= Task to carry out =
Please repeat the lines below, exactly and only, from the one that holds "text \<open>" through the one that holds "that \<open>a = \<epsilon>(a)".

= Data records =
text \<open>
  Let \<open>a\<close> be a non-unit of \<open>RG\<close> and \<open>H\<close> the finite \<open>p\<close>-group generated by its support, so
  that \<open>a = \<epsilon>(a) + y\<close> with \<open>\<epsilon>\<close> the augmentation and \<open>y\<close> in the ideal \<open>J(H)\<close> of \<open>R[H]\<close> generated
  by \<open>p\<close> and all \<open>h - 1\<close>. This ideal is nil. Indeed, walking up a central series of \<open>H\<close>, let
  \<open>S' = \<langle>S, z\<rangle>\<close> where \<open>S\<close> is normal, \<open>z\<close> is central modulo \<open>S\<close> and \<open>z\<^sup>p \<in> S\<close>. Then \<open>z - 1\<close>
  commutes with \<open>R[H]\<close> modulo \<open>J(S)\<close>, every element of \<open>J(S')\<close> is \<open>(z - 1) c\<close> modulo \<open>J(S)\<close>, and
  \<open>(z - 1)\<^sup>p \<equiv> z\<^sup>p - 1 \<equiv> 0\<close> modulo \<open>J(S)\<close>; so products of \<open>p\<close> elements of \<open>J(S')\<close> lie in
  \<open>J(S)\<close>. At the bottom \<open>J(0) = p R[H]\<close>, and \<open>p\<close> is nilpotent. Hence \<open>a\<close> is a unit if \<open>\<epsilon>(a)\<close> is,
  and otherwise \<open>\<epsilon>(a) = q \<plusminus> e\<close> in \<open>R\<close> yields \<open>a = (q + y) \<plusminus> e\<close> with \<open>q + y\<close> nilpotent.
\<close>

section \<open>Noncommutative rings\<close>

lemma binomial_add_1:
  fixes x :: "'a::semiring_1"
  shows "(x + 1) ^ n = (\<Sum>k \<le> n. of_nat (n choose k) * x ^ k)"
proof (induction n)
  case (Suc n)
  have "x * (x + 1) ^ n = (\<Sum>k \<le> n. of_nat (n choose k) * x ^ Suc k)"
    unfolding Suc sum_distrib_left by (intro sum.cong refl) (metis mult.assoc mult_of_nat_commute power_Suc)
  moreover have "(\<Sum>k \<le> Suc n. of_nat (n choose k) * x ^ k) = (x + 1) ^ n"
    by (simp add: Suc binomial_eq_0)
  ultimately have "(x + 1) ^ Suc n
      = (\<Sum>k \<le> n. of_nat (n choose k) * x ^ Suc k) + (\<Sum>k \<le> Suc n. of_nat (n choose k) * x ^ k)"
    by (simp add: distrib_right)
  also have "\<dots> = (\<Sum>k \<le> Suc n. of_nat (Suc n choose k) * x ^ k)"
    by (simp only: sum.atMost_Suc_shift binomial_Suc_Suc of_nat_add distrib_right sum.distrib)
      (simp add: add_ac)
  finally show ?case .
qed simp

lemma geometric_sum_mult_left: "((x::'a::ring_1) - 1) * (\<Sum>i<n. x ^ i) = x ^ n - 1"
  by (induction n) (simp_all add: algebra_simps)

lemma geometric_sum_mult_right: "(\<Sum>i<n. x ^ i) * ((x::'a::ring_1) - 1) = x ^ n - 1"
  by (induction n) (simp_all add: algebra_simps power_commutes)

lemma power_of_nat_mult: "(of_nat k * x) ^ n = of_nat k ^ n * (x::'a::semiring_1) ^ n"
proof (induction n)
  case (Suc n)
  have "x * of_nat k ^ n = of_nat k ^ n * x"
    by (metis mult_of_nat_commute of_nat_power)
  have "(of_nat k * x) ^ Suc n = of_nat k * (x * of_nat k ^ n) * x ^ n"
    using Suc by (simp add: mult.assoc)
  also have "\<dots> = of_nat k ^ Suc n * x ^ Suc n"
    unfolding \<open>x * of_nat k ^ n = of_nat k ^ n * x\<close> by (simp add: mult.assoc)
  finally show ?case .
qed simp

* * *

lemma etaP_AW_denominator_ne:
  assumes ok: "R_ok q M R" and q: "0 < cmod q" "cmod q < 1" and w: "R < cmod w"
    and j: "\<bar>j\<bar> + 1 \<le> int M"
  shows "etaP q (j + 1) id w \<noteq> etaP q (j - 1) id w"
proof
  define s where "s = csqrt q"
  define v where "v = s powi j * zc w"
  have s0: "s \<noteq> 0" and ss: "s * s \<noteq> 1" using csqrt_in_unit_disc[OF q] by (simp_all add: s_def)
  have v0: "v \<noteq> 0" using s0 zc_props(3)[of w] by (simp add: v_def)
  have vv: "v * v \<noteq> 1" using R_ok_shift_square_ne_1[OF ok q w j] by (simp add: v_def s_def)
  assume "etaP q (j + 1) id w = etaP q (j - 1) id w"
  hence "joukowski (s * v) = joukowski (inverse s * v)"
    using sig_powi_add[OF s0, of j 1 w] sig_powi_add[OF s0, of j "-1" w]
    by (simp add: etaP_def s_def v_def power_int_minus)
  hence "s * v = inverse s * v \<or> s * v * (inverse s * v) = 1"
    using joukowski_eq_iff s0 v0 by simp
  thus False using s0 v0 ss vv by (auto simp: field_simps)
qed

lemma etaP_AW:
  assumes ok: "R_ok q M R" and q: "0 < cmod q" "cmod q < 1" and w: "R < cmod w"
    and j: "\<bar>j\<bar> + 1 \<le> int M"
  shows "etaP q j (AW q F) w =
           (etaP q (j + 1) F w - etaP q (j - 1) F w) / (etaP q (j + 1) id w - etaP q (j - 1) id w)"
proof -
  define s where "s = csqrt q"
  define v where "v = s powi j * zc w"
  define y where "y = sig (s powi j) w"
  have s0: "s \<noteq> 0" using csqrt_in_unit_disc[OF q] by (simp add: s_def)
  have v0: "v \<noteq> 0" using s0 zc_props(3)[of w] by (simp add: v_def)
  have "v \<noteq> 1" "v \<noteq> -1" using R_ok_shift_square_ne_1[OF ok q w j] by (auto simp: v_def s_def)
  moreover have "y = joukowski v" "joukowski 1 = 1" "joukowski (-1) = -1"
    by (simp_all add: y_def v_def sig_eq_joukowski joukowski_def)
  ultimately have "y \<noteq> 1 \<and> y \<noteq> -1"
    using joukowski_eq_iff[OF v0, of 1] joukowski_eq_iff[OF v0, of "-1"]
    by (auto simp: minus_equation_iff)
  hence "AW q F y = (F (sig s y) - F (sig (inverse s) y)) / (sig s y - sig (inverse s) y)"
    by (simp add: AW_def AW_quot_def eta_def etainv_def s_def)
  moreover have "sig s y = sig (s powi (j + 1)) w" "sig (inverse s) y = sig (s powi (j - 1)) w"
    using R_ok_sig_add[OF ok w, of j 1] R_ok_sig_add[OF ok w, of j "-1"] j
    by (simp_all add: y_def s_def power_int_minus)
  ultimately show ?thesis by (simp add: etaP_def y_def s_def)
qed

= Expected output =
text \<open>
  Let \<open>a\<close> be a non-unit of \<open>RG\<close> and \<open>H\<close> the finite \<open>p\<close>-group generated by its support, so
  that \<open>a = \<epsilon>(a) + y\<close> with \<open>\<epsilon>\<close> the augmentation and \<open>y\<close> in the ideal \<open>J(H)\<close> of \<open>R[H]\<close> generated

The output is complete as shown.